Collected data entries:
========================================

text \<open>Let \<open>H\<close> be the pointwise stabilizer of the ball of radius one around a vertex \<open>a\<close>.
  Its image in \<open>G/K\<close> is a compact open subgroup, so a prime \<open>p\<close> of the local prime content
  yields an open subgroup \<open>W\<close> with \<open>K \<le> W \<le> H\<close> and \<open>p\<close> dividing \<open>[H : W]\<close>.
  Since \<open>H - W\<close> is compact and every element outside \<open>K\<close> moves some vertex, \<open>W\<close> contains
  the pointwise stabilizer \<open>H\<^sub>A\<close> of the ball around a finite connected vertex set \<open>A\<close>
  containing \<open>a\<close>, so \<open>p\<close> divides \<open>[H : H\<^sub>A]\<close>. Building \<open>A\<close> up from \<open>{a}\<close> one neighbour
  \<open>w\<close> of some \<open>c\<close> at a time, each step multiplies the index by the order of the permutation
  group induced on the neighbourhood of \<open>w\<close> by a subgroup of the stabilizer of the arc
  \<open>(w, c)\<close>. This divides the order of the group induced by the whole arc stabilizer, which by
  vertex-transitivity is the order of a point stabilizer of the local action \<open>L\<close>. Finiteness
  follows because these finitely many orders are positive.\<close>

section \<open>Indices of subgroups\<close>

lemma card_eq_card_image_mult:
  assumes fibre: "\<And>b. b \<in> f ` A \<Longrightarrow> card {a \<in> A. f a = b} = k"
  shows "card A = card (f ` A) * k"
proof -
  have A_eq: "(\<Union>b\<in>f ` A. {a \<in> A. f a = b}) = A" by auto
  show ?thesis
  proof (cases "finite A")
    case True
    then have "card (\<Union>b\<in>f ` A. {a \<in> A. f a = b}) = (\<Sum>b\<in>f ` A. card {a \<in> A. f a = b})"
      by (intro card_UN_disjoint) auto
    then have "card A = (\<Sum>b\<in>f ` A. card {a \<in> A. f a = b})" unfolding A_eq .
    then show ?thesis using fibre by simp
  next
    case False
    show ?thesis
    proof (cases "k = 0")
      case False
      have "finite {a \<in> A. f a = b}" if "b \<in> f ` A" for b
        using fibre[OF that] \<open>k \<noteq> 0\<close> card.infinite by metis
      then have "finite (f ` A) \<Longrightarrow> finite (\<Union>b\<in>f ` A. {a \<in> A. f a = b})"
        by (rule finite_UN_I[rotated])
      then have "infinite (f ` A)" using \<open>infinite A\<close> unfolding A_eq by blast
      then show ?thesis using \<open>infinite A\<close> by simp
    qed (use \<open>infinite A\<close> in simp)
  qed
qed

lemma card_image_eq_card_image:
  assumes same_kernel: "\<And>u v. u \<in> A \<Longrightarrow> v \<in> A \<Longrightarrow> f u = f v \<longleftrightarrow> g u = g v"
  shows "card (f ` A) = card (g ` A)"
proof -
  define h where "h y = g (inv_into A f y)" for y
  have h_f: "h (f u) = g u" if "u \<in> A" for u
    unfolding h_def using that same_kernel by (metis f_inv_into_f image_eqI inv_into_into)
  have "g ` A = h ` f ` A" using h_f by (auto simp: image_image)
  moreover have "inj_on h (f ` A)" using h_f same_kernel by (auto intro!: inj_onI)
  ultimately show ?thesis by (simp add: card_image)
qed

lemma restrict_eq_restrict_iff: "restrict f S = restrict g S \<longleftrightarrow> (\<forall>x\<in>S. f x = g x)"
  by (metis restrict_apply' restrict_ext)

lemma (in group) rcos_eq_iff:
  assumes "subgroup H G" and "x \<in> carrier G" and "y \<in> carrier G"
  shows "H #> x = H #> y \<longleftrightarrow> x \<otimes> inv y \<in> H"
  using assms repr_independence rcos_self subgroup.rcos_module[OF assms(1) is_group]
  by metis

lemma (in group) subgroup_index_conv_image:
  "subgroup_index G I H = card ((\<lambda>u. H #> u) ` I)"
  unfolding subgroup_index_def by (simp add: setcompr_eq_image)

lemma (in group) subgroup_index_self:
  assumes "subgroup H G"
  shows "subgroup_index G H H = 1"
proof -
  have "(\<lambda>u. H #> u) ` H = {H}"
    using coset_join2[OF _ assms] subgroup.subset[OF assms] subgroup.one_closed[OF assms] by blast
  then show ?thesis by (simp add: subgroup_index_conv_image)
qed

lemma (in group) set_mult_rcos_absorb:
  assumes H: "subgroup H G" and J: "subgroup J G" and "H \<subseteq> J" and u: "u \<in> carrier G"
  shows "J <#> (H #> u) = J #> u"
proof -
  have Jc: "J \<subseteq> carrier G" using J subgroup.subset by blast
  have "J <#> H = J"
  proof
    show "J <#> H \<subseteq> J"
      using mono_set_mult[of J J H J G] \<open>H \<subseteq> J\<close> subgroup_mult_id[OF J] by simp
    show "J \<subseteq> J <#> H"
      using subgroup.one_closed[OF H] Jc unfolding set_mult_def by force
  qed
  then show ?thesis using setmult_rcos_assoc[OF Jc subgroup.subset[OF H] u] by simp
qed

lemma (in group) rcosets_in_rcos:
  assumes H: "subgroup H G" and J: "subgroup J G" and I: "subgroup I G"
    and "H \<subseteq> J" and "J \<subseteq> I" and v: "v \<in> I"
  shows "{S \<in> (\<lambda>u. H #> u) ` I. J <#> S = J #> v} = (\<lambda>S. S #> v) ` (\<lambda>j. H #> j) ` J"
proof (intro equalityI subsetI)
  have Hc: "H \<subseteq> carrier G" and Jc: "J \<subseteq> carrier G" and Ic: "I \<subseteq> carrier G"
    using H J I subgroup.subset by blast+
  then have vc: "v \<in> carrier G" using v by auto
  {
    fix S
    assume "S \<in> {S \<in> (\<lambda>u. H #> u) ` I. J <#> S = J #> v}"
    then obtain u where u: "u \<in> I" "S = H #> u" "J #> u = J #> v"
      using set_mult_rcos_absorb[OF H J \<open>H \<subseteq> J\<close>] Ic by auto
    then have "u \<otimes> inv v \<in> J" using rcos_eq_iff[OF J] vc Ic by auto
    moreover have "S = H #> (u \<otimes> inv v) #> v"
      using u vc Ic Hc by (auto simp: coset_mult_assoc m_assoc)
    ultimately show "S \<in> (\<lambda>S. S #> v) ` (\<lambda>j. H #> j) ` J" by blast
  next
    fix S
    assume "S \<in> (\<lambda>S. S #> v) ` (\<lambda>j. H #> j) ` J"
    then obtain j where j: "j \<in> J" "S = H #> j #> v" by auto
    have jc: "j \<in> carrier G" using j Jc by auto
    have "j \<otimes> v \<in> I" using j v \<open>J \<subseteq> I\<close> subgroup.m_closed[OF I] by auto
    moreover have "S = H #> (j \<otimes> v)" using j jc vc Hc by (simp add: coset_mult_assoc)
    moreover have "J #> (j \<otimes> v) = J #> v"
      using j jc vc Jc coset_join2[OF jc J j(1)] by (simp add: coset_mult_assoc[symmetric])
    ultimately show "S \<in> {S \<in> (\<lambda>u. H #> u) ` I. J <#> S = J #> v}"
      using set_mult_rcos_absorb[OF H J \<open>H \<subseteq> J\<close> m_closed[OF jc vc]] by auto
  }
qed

========================================

◆ Activity ◆
With "ultimately" as the search string, filter the records and return each line that has it.

◆ Solution to this problem ◆
  ultimately show ?thesis by (simp add: card_image)
    ultimately show "S \<in> (\<lambda>S. S #> v) ` (\<lambda>j. H #> j) ` J" by blast
    ultimately show "S \<in> {S \<in> (\<lambda>u. H #> u) ` I. J <#> S = J #> v}"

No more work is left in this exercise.